→ WORK INSTRUCTIONS
Retype, exactly as they appear below, the lines between the line holding "using that by auto" and the line holding "by (rule sum.cong[OF", both ends included.

***** SUPPLIED MATERIAL *****

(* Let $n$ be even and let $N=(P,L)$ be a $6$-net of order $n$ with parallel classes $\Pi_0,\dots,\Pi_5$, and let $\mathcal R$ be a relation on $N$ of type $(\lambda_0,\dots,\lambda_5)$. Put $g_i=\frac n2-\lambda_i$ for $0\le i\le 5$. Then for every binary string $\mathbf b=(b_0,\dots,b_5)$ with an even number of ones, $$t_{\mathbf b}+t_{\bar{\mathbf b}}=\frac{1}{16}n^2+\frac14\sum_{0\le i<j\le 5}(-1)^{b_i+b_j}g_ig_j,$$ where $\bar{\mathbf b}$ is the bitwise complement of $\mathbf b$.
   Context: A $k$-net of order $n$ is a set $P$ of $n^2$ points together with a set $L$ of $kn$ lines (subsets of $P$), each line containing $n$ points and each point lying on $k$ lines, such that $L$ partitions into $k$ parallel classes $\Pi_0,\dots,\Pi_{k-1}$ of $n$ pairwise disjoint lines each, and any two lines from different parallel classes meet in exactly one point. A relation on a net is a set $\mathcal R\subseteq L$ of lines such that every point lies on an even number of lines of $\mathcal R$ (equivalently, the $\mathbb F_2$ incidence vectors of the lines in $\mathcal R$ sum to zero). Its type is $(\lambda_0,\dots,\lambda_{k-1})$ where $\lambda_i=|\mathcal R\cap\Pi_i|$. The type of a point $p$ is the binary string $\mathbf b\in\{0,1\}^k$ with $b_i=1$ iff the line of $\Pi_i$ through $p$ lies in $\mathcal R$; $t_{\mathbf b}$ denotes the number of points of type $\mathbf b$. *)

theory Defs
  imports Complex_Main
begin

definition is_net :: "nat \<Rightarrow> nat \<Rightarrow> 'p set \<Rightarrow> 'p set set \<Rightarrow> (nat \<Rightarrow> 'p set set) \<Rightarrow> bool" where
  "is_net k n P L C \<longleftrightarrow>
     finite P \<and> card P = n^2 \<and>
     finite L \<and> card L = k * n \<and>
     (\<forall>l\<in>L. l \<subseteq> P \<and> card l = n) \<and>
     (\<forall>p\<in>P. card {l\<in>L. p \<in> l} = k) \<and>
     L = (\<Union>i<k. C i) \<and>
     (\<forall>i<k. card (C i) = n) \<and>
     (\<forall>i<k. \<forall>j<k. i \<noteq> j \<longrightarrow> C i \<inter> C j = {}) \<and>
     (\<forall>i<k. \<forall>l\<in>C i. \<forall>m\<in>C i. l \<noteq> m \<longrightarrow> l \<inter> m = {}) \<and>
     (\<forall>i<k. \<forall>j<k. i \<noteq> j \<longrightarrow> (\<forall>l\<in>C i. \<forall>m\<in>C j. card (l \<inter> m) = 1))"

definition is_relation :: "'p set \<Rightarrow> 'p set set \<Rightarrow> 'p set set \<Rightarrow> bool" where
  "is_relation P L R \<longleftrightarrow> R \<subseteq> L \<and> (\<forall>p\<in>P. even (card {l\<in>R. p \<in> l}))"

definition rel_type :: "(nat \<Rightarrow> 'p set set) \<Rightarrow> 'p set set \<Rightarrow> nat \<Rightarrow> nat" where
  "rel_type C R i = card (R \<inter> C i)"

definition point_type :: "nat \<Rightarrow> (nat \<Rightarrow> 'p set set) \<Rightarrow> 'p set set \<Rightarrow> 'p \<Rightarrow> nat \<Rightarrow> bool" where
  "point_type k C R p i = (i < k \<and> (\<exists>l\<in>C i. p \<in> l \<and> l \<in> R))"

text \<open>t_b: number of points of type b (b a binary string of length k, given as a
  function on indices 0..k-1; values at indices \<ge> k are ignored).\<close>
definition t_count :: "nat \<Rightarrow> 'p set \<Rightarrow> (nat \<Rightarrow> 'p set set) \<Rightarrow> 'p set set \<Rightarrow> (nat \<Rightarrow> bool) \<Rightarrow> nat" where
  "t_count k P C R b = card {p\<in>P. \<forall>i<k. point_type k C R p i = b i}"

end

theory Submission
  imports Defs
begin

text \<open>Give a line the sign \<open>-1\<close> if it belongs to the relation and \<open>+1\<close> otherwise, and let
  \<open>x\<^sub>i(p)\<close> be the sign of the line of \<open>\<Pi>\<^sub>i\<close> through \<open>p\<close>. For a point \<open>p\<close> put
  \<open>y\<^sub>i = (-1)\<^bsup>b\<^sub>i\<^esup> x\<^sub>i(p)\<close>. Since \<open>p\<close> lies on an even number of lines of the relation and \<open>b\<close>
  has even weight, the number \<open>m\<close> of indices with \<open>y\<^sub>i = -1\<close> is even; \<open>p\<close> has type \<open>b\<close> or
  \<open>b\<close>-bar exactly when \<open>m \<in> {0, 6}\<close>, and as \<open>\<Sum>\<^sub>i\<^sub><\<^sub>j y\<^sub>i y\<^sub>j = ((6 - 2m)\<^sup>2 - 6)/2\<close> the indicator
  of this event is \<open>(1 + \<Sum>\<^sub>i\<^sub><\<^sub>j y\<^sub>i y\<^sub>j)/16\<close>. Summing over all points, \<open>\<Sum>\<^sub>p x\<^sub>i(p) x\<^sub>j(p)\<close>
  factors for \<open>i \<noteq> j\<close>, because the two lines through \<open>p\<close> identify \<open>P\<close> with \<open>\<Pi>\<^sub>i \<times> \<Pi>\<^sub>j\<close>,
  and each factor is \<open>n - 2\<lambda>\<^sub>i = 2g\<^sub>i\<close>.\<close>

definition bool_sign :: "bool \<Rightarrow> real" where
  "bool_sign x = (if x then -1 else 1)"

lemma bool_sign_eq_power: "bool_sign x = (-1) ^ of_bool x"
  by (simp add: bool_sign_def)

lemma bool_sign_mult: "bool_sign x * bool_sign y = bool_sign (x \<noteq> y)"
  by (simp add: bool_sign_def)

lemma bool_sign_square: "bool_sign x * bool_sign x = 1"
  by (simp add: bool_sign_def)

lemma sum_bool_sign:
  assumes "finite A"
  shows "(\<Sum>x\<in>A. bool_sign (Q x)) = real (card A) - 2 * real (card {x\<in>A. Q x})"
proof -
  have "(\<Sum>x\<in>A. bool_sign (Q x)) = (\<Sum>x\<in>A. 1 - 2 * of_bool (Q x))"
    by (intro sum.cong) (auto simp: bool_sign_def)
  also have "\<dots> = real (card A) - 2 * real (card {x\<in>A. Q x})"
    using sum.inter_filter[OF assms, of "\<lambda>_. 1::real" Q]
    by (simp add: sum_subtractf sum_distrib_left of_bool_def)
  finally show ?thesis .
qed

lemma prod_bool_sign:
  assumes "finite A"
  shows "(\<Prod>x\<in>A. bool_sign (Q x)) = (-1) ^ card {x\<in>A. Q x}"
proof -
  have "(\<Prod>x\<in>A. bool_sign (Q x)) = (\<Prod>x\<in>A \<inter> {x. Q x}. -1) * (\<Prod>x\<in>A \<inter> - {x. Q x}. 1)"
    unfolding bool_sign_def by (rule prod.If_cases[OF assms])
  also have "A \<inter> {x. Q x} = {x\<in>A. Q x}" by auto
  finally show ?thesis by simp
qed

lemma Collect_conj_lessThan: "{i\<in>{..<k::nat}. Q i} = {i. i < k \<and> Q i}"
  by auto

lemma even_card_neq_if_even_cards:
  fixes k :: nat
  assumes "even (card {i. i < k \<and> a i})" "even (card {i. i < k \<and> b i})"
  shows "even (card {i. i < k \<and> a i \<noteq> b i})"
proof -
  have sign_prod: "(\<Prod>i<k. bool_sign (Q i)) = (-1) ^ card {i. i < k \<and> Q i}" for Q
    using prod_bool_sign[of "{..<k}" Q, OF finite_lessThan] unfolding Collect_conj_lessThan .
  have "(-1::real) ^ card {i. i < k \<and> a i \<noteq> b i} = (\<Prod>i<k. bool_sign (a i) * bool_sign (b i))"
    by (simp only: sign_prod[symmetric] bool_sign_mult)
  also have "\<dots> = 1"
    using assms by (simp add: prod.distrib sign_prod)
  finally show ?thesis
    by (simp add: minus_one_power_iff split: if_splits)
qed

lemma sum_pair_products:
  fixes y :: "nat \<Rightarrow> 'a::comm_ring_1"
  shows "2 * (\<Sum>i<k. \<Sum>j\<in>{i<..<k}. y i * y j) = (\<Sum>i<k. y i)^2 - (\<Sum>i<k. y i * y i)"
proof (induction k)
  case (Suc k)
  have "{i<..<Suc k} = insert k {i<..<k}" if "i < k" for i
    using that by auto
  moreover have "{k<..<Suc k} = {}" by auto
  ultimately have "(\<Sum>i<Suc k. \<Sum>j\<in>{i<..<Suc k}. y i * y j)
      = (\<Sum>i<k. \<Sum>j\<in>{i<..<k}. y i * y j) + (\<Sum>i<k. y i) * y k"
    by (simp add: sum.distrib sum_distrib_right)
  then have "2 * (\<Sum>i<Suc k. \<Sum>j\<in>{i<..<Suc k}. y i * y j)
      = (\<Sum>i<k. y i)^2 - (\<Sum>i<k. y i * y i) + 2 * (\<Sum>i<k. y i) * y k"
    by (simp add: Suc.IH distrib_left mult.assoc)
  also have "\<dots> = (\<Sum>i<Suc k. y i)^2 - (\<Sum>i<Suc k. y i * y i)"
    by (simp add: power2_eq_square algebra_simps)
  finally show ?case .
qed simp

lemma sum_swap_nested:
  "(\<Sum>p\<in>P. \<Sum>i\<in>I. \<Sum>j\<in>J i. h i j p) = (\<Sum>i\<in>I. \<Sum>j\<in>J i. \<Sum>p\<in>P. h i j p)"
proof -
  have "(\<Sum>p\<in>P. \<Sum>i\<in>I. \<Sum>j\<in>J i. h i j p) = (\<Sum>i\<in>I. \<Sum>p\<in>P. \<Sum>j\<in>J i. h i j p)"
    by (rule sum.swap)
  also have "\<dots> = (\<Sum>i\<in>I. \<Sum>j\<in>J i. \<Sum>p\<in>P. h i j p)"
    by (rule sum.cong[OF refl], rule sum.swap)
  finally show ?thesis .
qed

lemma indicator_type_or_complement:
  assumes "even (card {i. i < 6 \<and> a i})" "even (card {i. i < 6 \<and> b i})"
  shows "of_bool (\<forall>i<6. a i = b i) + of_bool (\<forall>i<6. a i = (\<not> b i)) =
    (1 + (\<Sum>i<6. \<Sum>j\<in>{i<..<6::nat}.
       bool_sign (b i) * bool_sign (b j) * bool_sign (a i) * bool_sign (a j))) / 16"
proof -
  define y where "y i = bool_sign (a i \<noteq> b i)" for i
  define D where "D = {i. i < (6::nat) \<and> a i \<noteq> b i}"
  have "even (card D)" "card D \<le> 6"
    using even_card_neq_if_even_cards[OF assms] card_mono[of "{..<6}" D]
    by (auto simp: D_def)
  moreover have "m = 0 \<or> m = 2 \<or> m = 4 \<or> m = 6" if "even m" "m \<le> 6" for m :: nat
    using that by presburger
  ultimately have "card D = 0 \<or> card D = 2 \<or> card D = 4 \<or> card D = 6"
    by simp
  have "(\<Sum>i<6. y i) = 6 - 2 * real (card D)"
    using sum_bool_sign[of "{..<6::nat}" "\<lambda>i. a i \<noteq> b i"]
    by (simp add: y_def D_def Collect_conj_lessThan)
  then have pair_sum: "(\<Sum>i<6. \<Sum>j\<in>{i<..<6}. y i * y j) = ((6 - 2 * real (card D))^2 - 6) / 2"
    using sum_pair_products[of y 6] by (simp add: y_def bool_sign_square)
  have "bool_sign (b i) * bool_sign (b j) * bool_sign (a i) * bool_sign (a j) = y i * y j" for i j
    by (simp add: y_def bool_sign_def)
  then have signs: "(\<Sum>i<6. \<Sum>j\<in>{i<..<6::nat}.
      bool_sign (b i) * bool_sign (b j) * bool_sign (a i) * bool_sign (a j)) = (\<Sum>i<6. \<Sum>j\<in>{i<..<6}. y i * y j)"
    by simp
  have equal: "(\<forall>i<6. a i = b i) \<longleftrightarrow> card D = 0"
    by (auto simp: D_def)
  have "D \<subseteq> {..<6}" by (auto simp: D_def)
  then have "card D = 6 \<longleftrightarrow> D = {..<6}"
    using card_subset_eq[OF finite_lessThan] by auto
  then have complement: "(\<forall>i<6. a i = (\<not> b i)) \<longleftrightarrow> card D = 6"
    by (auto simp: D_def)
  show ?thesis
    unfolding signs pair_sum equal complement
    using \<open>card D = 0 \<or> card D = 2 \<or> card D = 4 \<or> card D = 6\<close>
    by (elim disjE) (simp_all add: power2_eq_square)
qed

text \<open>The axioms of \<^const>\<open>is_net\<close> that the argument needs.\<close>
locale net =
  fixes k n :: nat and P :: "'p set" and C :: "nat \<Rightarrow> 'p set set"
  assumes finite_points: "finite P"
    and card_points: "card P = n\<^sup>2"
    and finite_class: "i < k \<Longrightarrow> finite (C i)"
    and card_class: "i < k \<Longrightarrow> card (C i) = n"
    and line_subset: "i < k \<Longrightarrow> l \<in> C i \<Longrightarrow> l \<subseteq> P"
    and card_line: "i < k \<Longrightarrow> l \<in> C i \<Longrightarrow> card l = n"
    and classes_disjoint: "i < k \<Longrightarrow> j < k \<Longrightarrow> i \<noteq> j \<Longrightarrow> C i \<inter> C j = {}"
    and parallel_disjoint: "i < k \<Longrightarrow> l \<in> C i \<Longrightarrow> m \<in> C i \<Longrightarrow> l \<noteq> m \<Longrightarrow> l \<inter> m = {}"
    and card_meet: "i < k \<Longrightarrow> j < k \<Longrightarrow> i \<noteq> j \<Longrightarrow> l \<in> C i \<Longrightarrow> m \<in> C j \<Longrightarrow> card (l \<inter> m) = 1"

*****

→ OUTPUT FOR THIS EXERCISE
    using that by auto
  moreover have "{k<..<Suc k} = {}" by auto
  ultimately have "(\<Sum>i<Suc k. \<Sum>j\<in>{i<..<Suc k}. y i * y j)
      = (\<Sum>i<k. \<Sum>j\<in>{i<..<k}. y i * y j) + (\<Sum>i<k. y i) * y k"
    by (simp add: sum.distrib sum_distrib_right)
  then have "2 * (\<Sum>i<Suc k. \<Sum>j\<in>{i<..<Suc k}. y i * y j)
      = (\<Sum>i<k. y i)^2 - (\<Sum>i<k. y i * y i) + 2 * (\<Sum>i<k. y i) * y k"
    by (simp add: Suc.IH distrib_left mult.assoc)
  also have "\<dots> = (\<Sum>i<Suc k. y i)^2 - (\<Sum>i<Suc k. y i * y i)"
    by (simp add: power2_eq_square algebra_simps)
  finally show ?case .
qed simp

lemma sum_swap_nested:
  "(\<Sum>p\<in>P. \<Sum>i\<in>I. \<Sum>j\<in>J i. h i j p) = (\<Sum>i\<in>I. \<Sum>j\<in>J i. \<Sum>p\<in>P. h i j p)"
proof -
  have "(\<Sum>p\<in>P. \<Sum>i\<in>I. \<Sum>j\<in>J i. h i j p) = (\<Sum>i\<in>I. \<Sum>p\<in>P. \<Sum>j\<in>J i. h i j p)"
    by (rule sum.swap)
  also have "\<dots> = (\<Sum>i\<in>I. \<Sum>j\<in>J i. \<Sum>p\<in>P. h i j p)"
    by (rule sum.cong[OF refl], rule sum.swap)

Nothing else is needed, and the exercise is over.